lemma ideal_c_eq_eval_preimage:
  fixes q :: "'a::field poly"
  shows "osum (OJ (pideal (q * tt * (tt - 1))))
      (osum (kspan (q * tt, smult s (q * tt), 0))
        (osum (kspan (q * (tt - 1), 0, 0)) (osum (kspan (0, q * (tt - 1), 0)) (kspan (0, 0, q * (tt - 1))))))
    = eval_preimage q (UNIV \<times> range (\<lambda>c. (c, c * s, 0)))"
proof -
  have gens: "(q * tt, smult s (q * tt), 0) = omult q (omult tt (oconst (1, s, 0)))"
    "(q * (tt - 1), 0, 0) = omult q (omult (tt - 1) (oconst (1, 0, 0)))"
    "(0, q * (tt - 1), 0) = omult q (omult (tt - 1) (oconst (0, 1, 0)))"
    "(0, 0, q * (tt - 1)) = omult q (omult (tt - 1) (oconst (0, 0, 1)))"
    by (simp_all add: omult_omult_oconst)
  show ?thesis
    unfolding gens osum_assoc OJ_pideal_tt_tt_minus_1_eq_eval_preimage osum_eval_preimage_kspan
    by (intro arg_cong[where f = "eval_preimage q"]) (auto simp: vscale_def add_eq_0_iff image_iff)
qed

lemma ideal_c_eq_eval_preimage':
  fixes q :: "'a::field poly"
  shows "osum (OJ (pideal (q * (tt - 1)))) (kspan (q, smult s q, 0))
    = eval_preimage q (UNIV \<times> range (\<lambda>c. (c, c * s, 0)))"
proof -
  have gen: "(q, smult s q, 0) = omult q (omult 1 (oconst (1, s, 0)))"
    using omult_omult_oconst[of q 1] by simp
  show ?thesis
    unfolding gen OJ_pideal_tt_minus_1_eq_eval_preimage osum_eval_preimage_kspan
    by (intro arg_cong[where f = "eval_preimage q"]) (auto simp: vscale_def add_eq_0_iff image_iff)
qed

theorem proposition4p10:
  fixes I :: "('a::field) onsager set" and q :: "'a poly"
  assumes char: "(2::'a) \<noteq> 0"
    and cl: "closed_ideal I"
    and J: "J_of I = pideal q"
    and nz: "pideal q \<noteq> {0}"
  shows
   "(\<exists>s1 s2. s1 \<in> {1, -1} \<and> s2 \<in> {1, -1} \<and>
       I = osum (OJ (pideal (q * tt * (tt - 1))))
             (osum (kspan (q * tt, smult s1 (q * tt), 0))
                   (kspan (q * (tt - 1), 0, smult s2 (q * (tt - 1))))))
    \<or> (\<exists>s. s \<in> {1, -1} \<and>
       I = osum (OJ (pideal (q * tt * (tt - 1))))
             (osum (osum (kspan (q * tt, 0, 0)) (osum (kspan (0, q * tt, 0)) (kspan (0, 0, q * tt))))
                   (kspan (q * (tt - 1), 0, smult s (q * (tt - 1))))) \<and>
       I = osum (OJ (pideal (q * tt))) (kspan (q, 0, smult s q)))
    \<or> (\<exists>s. s \<in> {1, -1} \<and>
       I = osum (OJ (pideal (q * tt * (tt - 1))))
             (osum (kspan (q * tt, smult s (q * tt), 0))
                   (osum (kspan (q * (tt - 1), 0, 0)) (osum (kspan (0, q * (tt - 1), 0)) (kspan (0, 0, q * (tt - 1)))))) \<and>
       I = osum (OJ (pideal (q * (tt - 1)))) (kspan (q, smult s q, 0)))
    \<or> I = OJ (pideal q)"
proof -
  interpret closed_onsager_ideal I q
    using cl J nz by unfold_locales (auto simp: pideal_def)
  \<comment> \<open>The fibres are generalised away, since they mention I and would make rewriting with I loop.\<close>
  obtain A0 A1 where I: "I = eval_preimage q (A0 \<times> A1)"
    and A0: "A0 = UNIV \<or> (\<exists>s\<in>{1, -1}. A0 = range (\<lambda>c. (c, 0, c * s)))"
    and A1: "A1 = UNIV \<or> (\<exists>s\<in>{1, -1}. A1 = range (\<lambda>c. (c, c * s, 0)))"
    by (rule that[OF eq_eval_preimage fibre_0_cases fibre_1_cases])
  from A0 A1 show ?thesis
    unfolding I ideal_a_eq_eval_preimage ideal_b_eq_eval_preimage ideal_b_eq_eval_preimage'
      ideal_c_eq_eval_preimage ideal_c_eq_eval_preimage'
    \<comment> \<open>only now, lest it rewrite the OJ-summands of (a) to (c) first\<close>
    unfolding OJ_pideal_eq_eval_preimage
    by (elim disjE bexE) auto
qed

end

* _Task to complete_:
Show each line of the material where the word "shows" occurs.

* _Task solution_:
  shows "osum (OJ (pideal (q * tt * (tt - 1))))
  shows "osum (OJ (pideal (q * (tt - 1)))) (kspan (q, smult s q, 0))
  shows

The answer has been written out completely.